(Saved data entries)
* * * * * * * * *

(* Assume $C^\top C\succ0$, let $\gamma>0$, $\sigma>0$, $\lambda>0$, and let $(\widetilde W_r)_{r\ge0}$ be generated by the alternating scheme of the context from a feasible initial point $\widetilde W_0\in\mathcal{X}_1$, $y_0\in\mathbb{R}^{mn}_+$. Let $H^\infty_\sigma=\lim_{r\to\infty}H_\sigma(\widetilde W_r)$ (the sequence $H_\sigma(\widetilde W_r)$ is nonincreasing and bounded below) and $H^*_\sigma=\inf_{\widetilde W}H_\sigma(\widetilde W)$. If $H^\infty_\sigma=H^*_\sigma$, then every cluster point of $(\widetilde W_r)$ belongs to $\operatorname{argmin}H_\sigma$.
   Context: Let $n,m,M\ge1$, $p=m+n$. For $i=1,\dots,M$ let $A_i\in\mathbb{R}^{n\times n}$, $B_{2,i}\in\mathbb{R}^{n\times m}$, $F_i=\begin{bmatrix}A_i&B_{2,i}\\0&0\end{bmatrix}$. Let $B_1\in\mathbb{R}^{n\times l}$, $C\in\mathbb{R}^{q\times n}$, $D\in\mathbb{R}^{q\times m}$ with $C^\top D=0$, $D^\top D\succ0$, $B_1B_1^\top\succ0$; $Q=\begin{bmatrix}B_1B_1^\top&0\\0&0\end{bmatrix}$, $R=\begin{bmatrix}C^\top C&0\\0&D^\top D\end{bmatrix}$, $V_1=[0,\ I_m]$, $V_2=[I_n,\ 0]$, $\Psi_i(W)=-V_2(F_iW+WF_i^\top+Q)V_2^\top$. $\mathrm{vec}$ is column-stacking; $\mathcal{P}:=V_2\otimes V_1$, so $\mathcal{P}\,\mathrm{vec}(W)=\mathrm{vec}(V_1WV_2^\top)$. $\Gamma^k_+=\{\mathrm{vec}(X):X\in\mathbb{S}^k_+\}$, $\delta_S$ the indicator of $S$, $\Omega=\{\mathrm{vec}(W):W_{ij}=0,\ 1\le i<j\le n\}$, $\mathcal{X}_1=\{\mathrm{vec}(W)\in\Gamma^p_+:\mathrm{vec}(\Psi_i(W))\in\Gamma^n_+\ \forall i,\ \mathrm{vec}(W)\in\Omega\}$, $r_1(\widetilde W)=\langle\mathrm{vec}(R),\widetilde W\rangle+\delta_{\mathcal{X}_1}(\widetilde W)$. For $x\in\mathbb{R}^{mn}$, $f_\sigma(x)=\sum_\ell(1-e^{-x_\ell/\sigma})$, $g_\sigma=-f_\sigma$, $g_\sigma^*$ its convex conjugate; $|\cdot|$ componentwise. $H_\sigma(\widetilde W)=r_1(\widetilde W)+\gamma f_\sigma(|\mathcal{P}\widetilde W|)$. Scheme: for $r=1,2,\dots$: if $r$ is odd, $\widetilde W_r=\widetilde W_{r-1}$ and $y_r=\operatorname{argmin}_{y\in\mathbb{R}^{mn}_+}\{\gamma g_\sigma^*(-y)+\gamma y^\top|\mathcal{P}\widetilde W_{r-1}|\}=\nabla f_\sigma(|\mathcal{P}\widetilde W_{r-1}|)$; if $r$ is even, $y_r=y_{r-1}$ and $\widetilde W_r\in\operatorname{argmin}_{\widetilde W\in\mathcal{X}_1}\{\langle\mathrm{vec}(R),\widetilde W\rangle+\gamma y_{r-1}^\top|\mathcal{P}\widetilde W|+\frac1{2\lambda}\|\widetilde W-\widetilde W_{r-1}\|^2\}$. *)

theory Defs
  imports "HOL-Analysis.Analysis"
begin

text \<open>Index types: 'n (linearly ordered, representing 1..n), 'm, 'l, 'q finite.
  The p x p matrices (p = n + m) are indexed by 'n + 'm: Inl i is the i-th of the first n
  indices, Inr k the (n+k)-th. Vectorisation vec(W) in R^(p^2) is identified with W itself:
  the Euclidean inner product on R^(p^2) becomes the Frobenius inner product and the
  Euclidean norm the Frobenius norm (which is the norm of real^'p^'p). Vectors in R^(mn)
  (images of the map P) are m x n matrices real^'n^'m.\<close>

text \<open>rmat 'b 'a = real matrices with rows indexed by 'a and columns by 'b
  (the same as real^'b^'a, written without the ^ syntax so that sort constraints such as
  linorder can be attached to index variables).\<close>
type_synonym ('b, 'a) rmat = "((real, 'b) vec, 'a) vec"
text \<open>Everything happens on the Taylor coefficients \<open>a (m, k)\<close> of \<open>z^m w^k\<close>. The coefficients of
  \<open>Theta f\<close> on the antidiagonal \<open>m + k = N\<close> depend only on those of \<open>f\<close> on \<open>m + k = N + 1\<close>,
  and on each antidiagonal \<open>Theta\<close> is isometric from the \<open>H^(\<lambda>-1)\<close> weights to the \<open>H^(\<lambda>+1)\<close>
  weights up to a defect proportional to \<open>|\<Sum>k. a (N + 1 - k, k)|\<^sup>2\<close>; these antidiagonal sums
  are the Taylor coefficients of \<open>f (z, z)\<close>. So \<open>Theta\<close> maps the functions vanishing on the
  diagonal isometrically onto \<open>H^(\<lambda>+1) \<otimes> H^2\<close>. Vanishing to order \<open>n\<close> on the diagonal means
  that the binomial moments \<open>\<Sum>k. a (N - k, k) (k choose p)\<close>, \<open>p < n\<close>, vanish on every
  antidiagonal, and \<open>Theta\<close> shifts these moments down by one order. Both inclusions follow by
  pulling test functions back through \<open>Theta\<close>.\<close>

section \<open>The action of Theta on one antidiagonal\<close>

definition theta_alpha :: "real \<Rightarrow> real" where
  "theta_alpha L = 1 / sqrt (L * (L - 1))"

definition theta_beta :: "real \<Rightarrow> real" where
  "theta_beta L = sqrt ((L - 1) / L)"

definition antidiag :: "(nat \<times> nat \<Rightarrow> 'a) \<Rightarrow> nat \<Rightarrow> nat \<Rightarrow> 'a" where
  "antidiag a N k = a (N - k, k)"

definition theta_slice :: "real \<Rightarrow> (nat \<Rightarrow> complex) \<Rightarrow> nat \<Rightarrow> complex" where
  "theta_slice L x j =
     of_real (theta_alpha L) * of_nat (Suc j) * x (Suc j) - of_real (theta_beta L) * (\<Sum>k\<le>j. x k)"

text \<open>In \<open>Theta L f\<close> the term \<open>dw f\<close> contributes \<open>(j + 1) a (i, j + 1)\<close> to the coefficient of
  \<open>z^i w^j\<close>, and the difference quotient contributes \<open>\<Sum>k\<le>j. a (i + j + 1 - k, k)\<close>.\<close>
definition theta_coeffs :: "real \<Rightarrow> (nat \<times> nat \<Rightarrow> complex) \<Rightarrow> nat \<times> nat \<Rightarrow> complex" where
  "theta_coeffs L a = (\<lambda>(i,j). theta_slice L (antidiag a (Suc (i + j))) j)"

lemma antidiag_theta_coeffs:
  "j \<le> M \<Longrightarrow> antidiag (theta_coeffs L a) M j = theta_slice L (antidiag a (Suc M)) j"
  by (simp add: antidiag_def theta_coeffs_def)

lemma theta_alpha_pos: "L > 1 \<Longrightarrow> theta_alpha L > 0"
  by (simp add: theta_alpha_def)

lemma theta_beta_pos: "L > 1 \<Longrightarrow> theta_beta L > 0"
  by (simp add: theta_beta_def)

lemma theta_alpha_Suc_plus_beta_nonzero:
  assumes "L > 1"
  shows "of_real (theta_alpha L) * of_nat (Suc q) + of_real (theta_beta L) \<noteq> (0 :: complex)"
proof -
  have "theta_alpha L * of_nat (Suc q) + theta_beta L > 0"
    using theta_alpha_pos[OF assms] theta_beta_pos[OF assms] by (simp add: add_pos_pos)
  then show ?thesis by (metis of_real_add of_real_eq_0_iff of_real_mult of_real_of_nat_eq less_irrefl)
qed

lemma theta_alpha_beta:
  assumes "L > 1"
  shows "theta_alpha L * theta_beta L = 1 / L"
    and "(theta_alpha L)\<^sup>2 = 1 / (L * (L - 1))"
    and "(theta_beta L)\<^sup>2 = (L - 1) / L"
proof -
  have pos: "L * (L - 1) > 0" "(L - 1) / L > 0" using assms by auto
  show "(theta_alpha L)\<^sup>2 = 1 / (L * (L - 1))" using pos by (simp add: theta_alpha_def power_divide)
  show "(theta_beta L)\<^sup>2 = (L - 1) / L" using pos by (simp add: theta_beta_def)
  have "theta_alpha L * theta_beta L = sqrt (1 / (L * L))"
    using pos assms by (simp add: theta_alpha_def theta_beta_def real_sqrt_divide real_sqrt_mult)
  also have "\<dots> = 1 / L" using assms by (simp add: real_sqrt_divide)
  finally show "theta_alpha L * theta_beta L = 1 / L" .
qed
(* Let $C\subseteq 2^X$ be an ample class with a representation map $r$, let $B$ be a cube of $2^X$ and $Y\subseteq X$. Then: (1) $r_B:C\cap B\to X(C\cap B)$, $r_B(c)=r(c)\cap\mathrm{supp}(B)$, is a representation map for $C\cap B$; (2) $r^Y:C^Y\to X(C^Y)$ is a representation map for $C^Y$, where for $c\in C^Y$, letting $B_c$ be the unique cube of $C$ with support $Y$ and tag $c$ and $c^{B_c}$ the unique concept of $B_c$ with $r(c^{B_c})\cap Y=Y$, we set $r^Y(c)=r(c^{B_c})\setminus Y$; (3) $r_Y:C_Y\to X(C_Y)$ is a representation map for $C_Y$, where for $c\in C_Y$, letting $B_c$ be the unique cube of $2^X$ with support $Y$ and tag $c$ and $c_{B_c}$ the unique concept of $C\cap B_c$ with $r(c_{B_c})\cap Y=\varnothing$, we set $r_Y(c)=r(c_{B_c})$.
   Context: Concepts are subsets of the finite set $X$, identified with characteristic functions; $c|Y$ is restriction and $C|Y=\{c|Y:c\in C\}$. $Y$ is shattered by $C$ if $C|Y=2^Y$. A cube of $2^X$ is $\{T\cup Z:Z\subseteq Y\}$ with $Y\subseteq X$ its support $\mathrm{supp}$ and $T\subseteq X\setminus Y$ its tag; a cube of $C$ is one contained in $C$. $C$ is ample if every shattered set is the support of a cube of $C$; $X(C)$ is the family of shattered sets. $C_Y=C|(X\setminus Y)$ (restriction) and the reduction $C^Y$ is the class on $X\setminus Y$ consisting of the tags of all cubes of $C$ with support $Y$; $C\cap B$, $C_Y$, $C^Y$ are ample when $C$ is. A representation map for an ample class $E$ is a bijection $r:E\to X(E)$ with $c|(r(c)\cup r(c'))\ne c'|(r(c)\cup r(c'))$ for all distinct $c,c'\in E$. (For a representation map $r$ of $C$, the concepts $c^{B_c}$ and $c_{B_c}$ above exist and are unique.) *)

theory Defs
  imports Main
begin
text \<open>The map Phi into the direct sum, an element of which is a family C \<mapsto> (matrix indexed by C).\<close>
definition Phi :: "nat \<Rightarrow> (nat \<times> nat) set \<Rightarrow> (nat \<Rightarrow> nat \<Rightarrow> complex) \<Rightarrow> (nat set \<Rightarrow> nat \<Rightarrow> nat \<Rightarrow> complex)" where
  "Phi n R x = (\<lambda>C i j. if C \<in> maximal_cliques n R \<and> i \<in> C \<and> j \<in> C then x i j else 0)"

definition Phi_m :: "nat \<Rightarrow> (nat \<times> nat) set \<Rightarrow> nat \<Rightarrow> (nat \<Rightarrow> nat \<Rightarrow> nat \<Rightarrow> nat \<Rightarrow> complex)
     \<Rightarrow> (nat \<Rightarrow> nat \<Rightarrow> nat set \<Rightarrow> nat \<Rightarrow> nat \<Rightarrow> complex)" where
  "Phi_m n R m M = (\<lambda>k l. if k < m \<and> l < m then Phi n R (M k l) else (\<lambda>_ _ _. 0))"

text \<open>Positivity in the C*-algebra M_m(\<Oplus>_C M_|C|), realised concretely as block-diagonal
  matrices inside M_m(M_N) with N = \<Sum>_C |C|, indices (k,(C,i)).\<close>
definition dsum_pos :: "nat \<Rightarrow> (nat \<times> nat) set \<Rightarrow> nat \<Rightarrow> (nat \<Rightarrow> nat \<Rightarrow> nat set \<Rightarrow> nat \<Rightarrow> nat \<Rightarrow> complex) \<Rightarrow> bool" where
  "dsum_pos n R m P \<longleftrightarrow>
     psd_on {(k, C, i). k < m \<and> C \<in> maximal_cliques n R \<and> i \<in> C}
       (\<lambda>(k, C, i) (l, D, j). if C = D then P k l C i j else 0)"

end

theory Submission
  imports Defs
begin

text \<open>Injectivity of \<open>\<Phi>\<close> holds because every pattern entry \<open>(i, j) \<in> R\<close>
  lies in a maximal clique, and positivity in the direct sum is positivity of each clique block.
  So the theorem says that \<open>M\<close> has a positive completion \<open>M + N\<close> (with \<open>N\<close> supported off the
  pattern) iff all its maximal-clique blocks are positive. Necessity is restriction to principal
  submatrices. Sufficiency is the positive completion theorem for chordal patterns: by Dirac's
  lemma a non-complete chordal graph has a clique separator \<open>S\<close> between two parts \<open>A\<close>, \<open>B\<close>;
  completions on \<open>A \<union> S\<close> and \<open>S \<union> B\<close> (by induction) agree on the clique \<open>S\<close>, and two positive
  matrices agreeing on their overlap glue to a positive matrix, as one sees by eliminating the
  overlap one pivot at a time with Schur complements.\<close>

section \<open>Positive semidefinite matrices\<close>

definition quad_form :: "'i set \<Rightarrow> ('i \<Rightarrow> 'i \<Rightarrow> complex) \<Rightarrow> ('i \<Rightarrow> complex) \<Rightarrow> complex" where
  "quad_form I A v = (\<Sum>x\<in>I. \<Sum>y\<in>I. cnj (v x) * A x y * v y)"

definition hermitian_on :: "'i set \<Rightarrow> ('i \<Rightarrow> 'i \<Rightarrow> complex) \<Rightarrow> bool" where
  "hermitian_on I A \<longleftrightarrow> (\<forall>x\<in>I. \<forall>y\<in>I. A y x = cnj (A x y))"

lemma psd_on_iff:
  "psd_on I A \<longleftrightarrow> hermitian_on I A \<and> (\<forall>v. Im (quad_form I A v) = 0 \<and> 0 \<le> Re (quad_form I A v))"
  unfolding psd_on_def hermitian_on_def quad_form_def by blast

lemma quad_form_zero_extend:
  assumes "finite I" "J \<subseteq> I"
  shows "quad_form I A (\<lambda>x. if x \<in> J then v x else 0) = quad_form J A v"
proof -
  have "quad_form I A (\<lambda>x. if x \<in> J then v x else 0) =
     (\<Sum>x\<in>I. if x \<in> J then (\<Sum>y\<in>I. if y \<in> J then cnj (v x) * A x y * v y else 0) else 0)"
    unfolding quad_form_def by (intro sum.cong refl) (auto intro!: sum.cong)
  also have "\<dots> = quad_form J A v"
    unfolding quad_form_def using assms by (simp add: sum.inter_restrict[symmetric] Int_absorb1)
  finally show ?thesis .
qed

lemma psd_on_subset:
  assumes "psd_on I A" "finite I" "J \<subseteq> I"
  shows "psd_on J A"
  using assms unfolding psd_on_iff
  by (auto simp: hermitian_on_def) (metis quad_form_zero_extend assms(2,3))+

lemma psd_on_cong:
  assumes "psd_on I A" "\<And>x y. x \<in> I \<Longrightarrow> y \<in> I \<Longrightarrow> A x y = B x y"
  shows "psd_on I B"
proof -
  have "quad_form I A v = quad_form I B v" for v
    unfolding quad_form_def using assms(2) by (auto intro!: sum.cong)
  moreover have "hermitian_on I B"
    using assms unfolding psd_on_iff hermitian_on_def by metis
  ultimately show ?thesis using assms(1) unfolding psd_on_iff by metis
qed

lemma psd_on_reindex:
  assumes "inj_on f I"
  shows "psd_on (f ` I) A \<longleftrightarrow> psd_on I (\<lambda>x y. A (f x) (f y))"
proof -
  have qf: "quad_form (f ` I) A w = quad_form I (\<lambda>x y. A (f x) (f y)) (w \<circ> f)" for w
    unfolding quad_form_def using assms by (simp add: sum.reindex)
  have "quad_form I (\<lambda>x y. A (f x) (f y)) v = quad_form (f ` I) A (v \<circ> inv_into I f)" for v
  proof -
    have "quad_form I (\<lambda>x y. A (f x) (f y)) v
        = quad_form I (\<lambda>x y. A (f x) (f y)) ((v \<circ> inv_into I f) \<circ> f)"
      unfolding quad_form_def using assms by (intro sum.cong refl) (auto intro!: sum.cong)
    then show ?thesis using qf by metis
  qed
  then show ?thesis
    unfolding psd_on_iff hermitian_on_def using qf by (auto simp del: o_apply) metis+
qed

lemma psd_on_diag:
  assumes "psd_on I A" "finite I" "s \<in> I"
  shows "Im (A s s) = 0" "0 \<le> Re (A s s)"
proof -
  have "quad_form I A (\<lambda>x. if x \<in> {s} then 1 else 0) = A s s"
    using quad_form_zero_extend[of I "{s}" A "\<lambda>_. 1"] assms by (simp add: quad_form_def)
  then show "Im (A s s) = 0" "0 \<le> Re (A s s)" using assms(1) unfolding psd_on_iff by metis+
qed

* * * * * * * * *

### Work task
Check each line above for the string "Frobenius", then copy the ones that have it.

### Answer box
  the Euclidean inner product on R^(p^2) becomes the Frobenius inner product and the
  Euclidean norm the Frobenius norm (which is the norm of real^'p^'p). Vectors in R^(mn)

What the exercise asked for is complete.